- The greenback weakness paid off to the Kiwi without much to cheer at home.
- New Zealand trade balance is in the spotlight with the US-China trade spat being on the radar.
The US-China trade tensions grab the spotlight as neither party wants to give up on their demands. Nomura gives 65% probabilities that the US will levy tariffs on all Chinese goods by this year-end.
In addition to the trade war with China, sluggish new home sales and purchasing manager index (PMI) data also weighed on the US Dollar (USD) on Thursday. New home sales fell 6.9% while manufacturing PMI revisited September 2009 levels.
There were fewer positives from the domestic end of New Zealand.

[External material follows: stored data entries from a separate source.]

lemma tree_decomposition_remove_leaf:
  assumes td: "tree_decomposition V E N TE B" and leaf: "leaf_edge TE t t'" and sub: "B t \<subseteq> B t'"
  shows "tree_decomposition V E (N - {t}) (TE - {{t, t'}}) B"
proof -
  have tree: "is_tree N TE" and bags: "\<forall>s\<in>N. B s \<subseteq> V"
    and verts: "\<forall>v\<in>V. \<exists>s\<in>N. v \<in> B s" and edges: "\<forall>e\<in>E. \<exists>s\<in>N. e \<subseteq> B s"
    and subtrees: "\<forall>v\<in>V. graph_connected {s \<in> N. v \<in> B s} {e \<in> TE. \<forall>s\<in>e. v \<in> B s}"
    using td by (simp_all add: tree_decomposition_def)
  have t: "t' \<in> N" "t \<noteq> t'"
    using leaf simple_graph_edgeD[of N TE t t'] tree by (auto simp: is_tree_def leaf_edge_def)
  have cover: "\<exists>s\<in>N - {t}. X \<subseteq> B s" if "s \<in> N" "X \<subseteq> B s" for s X
    using that t sub by (cases "s = t") auto
  have "\<exists>s\<in>N - {t}. v \<in> B s" if "v \<in> V" for v
    using verts that cover[of _ "{v}"] by blast
  moreover have "\<exists>s\<in>N - {t}. e \<subseteq> B s" if "e \<in> E" for e
    using edges that cover by blast
  moreover have "graph_connected {s \<in> N - {t}. v \<in> B s} {e \<in> TE - {{t, t'}}. \<forall>s\<in>e. v \<in> B s}"
    if "v \<in> V" for v
  proof -
    have "graph_connected ({s \<in> N. v \<in> B s} - {t}) ({e \<in> TE. \<forall>s\<in>e. v \<in> B s} - {{t, t'}})"
      using subtrees that leaf t(2) by (intro graph_connected_remove_leaf) (auto simp: leaf_edge_def)
    moreover have "{s \<in> N. v \<in> B s} - {t} = {s \<in> N - {t}. v \<in> B s}"
      "{e \<in> TE. \<forall>s\<in>e. v \<in> B s} - {{t, t'}} = {e \<in> TE - {{t, t'}}. \<forall>s\<in>e. v \<in> B s}"
      by blast+
    ultimately show ?thesis
      by simp
  qed
  ultimately show ?thesis
    using is_tree_remove_leaf[OF tree leaf] bags unfolding tree_decomposition_def by blast
qed
(* If $P$ is a projection algebra, then $\mathbb F(P)$ and $\mathbb M(P)$ are projection-generated DRC-semigroups, with $\mathbf P(\mathbb F(P))\cong\mathbf P(\mathbb M(P))\cong P$ as projection algebras.
   Context: Maps are written on the right and composed left to right. A projection algebra is a set $P$ with maps $\theta_p,\delta_p:P\to P$ ($p\in P$) such that for all $p,q$: $p\theta_p=p$, $p\delta_p=p$; $p\theta_{q\theta_p}=q\theta_p$, $p\delta_{q\delta_p}=q\delta_p$; $\theta_q\theta_{q\theta_p}=\theta_q\theta_p$, $\delta_q\delta_{q\delta_p}=\delta_q\delta_p$; $\theta_p\delta_p=\theta_p$, $\delta_p\theta_p=\delta_p$; $\theta_{p\delta_q}\theta_p=\theta_q\theta_p$, $\delta_{p\theta_q}\delta_p=\delta_q\delta_p$. Isomorphisms are bijections preserving all $\theta_p,\delta_p$ operations. Write $p\,\mathscr F\,q$ iff $p=q\delta_p$ and $q=p\theta_q$. A DRC-semigroup is $(S,\cdot,D,R)$, $(S,\cdot)$ a semigroup, $D,R:S\to S$ with, for all $a,b$: $D(a)a=a$, $aR(a)=a$; $D(ab)=D(aD(b))$, $R(ab)=R(R(a)b)$; $D(ab)=D(a)D(ab)D(a)$, $R(ab)=R(b)R(ab)R(b)$; $R(D(a))=D(a)$, $D(R(a))=R(a)$. $\mathbf P(S)=\{D(a):a\in S\}$ is a projection algebra under $q\theta_p=R(qp)$, $q\delta_p=D(pq)$; $S$ is projection-generated if $\mathbf P(S)$ generates $S$ as a semigroup. $\mathbb F(P)$ is the semigroup presented by generators $x_p$ ($p\in P$) and relations $x_p^2=x_p$, $x_px_q=x_px_{p\theta_q}$, $x_px_q=x_{q\delta_p}x_q$ ($p,q\in P$). Every element of $\mathbb F(P)$ equals $\overline{x_{p_1}\cdots x_{p_k}}$ for some $p_1\mathscr F\cdots\mathscr F p_k$, and $p_1,p_k$ are determined by the element; unary operations are $D(\overline{x_{p_1}\cdots x_{p_k}})=\overline{x_{p_1}}$, $R(\overline{x_{p_1}\cdots x_{p_k}})=\overline{x_{p_k}}$. $\mathbb M(P)$ is the subsemigroup of $\mathcal T_P\times\mathcal T_P^{\mathrm{op}}$ ($\mathcal T_P$ the full transformation semigroup on $P$, product $(\alpha,\alpha')(\beta,\beta')=(\alpha\beta,\beta'\alpha')$) generated by $\hat p=(\theta_p,\delta_p)$, $p\in P$; every element equals $\hat p_1\cdots\hat p_k$ with $p_1\mathscr F\cdots\mathscr F p_k$, with $p_1,p_k$ determined, and $D(\hat p_1\cdots\hat p_k)=\hat p_1$, $R(\hat p_1\cdots\hat p_k)=\hat p_k$. *)

theory Defs
  imports Main "HOL-Library.FuncSet"
begin

text \<open>Convention: a projection algebra is a carrier P with operations
  th p q = q\<theta>_p and dl p q = q\<delta>_p (maps written on the right,
  composed left to right).\<close>

definition proj_alg :: "'a set \<Rightarrow> ('a \<Rightarrow> 'a \<Rightarrow> 'a) \<Rightarrow> ('a \<Rightarrow> 'a \<Rightarrow> 'a) \<Rightarrow> bool" where
  "proj_alg P th dl \<longleftrightarrow>
     (\<forall>p\<in>P. \<forall>q\<in>P. th p q \<in> P \<and> dl p q \<in> P) \<and>
     (\<forall>p\<in>P. th p p = p \<and> dl p p = p) \<and>
     (\<forall>p\<in>P. \<forall>q\<in>P. th (th p q) p = th p q \<and> dl (dl p q) p = dl p q) \<and>
     (\<forall>p\<in>P. \<forall>q\<in>P. \<forall>r\<in>P. th (th p q) (th q r) = th p (th q r)
                         \<and> dl (dl p q) (dl q r) = dl p (dl q r)) \<and>
     (\<forall>p\<in>P. \<forall>r\<in>P. dl p (th p r) = th p r \<and> th p (dl p r) = dl p r) \<and>
     (\<forall>p\<in>P. \<forall>q\<in>P. \<forall>r\<in>P. th p (th (dl q p) r) = th p (th q r)
                         \<and> dl p (dl (th q p) r) = dl p (dl q r))"

definition pa_iso :: "'a set \<Rightarrow> ('a \<Rightarrow> 'a \<Rightarrow> 'a) \<Rightarrow> ('a \<Rightarrow> 'a \<Rightarrow> 'a) \<Rightarrow>
    'b set \<Rightarrow> ('b \<Rightarrow> 'b \<Rightarrow> 'b) \<Rightarrow> ('b \<Rightarrow> 'b \<Rightarrow> 'b) \<Rightarrow> bool" where
  "pa_iso P1 th1 dl1 P2 th2 dl2 \<longleftrightarrow>
     (\<exists>f. bij_betw f P1 P2 \<and>
          (\<forall>p\<in>P1. \<forall>q\<in>P1. f (th1 p q) = th2 (f p) (f q) \<and> f (dl1 p q) = dl2 (f p) (f q)))"

definition Frel :: "('a \<Rightarrow> 'a \<Rightarrow> 'a) \<Rightarrow> ('a \<Rightarrow> 'a \<Rightarrow> 'a) \<Rightarrow> 'a \<Rightarrow> 'a \<Rightarrow> bool" where
  "Frel th dl p q \<longleftrightarrow> p = dl p q \<and> q = th q p"

definition fchain :: "'a set \<Rightarrow> ('a \<Rightarrow> 'a \<Rightarrow> 'a) \<Rightarrow> ('a \<Rightarrow> 'a \<Rightarrow> 'a) \<Rightarrow> 'a list \<Rightarrow> bool" where
  "fchain P th dl ps \<longleftrightarrow> ps \<noteq> [] \<and> set ps \<subseteq> P \<and>
     (\<forall>i. Suc i < length ps \<longrightarrow> Frel th dl (ps ! i) (ps ! Suc i))"

definition semigroup_on :: "'s set \<Rightarrow> ('s \<Rightarrow> 's \<Rightarrow> 's) \<Rightarrow> bool" where
  "semigroup_on S m \<longleftrightarrow> (\<forall>a\<in>S. \<forall>b\<in>S. m a b \<in> S) \<and>
     (\<forall>a\<in>S. \<forall>b\<in>S. \<forall>c\<in>S. m (m a b) c = m a (m b c))"

definition drc_semigroup :: "'s set \<Rightarrow> ('s \<Rightarrow> 's \<Rightarrow> 's) \<Rightarrow> ('s \<Rightarrow> 's) \<Rightarrow> ('s \<Rightarrow> 's) \<Rightarrow> bool" where
  "drc_semigroup S m D R \<longleftrightarrow> semigroup_on S m \<and>
     (\<forall>a\<in>S. D a \<in> S \<and> R a \<in> S) \<and>
     (\<forall>a\<in>S. m (D a) a = a \<and> m a (R a) = a) \<and>
     (\<forall>a\<in>S. \<forall>b\<in>S. D (m a b) = D (m a (D b)) \<and> R (m a b) = R (m (R a) b)) \<and>
     (\<forall>a\<in>S. \<forall>b\<in>S. D (m a b) = m (m (D a) (D (m a b))) (D a)
                   \<and> R (m a b) = m (m (R b) (R (m a b))) (R b)) \<and>
     (\<forall>a\<in>S. R (D a) = D a \<and> D (R a) = R a)"

definition projs :: "'s set \<Rightarrow> ('s \<Rightarrow> 's) \<Rightarrow> 's set" where
  "projs S D = D ` S"

definition pth :: "('s \<Rightarrow> 's \<Rightarrow> 's) \<Rightarrow> ('s \<Rightarrow> 's) \<Rightarrow> 's \<Rightarrow> 's \<Rightarrow> 's" where
  "pth m R p q = R (m q p)"

definition pdl :: "('s \<Rightarrow> 's \<Rightarrow> 's) \<Rightarrow> ('s \<Rightarrow> 's) \<Rightarrow> 's \<Rightarrow> 's \<Rightarrow> 's" where
  "pdl m D p q = D (m p q)"

inductive_set sgen :: "'s set \<Rightarrow> ('s \<Rightarrow> 's \<Rightarrow> 's) \<Rightarrow> 's set" for X m where
  base: "a \<in> X \<Longrightarrow> a \<in> sgen X m"
| mult: "a \<in> sgen X m \<Longrightarrow> b \<in> sgen X m \<Longrightarrow> m a b \<in> sgen X m"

Recent comments from the US President Donald Trump show his positive outlook towards meeting the Chinese leader Xi Jinping on the sidelines G20. Though, Mr. Trump doesn’t want to give up on his MAGA (make America great again) dream and is firm to keep Huawei on the check.
Immediate attention of the Kiwi traders will be on April month trade balance data, to be out at 22:45 GMT. Forecasts suggest $-5.465 billion trade balance (YoY) versus $-5.620 billion prior. Further, exports may flash $5.35 billion against $5.70 billion earlier whereas imports can rise to $4.90 billion compared to $4.77 billion earlier.
Ahead of the release, TD Securities said, “Apr trade balance is seasonally a surplus month, but follows a blockbuster +$NZ922m for March, led by record exports. We pencil in a surplus of +$NZ700m (mkt $NZ450m) as exports remain elevated ($NZ5.5b) but fuel imports ($NZ4.8b) eat into the surplus somewhat.”
A downward sloping trend-line since March 26 at 0.6530 gains immediate attention as a break of which could open the door for the quote’s extended recovery to 0.6580 and then to 0.6600 round-figure.
In a case of further weakness beneath 0.6480 support, October 2018 low near 0.6425 should gain bears’ attention.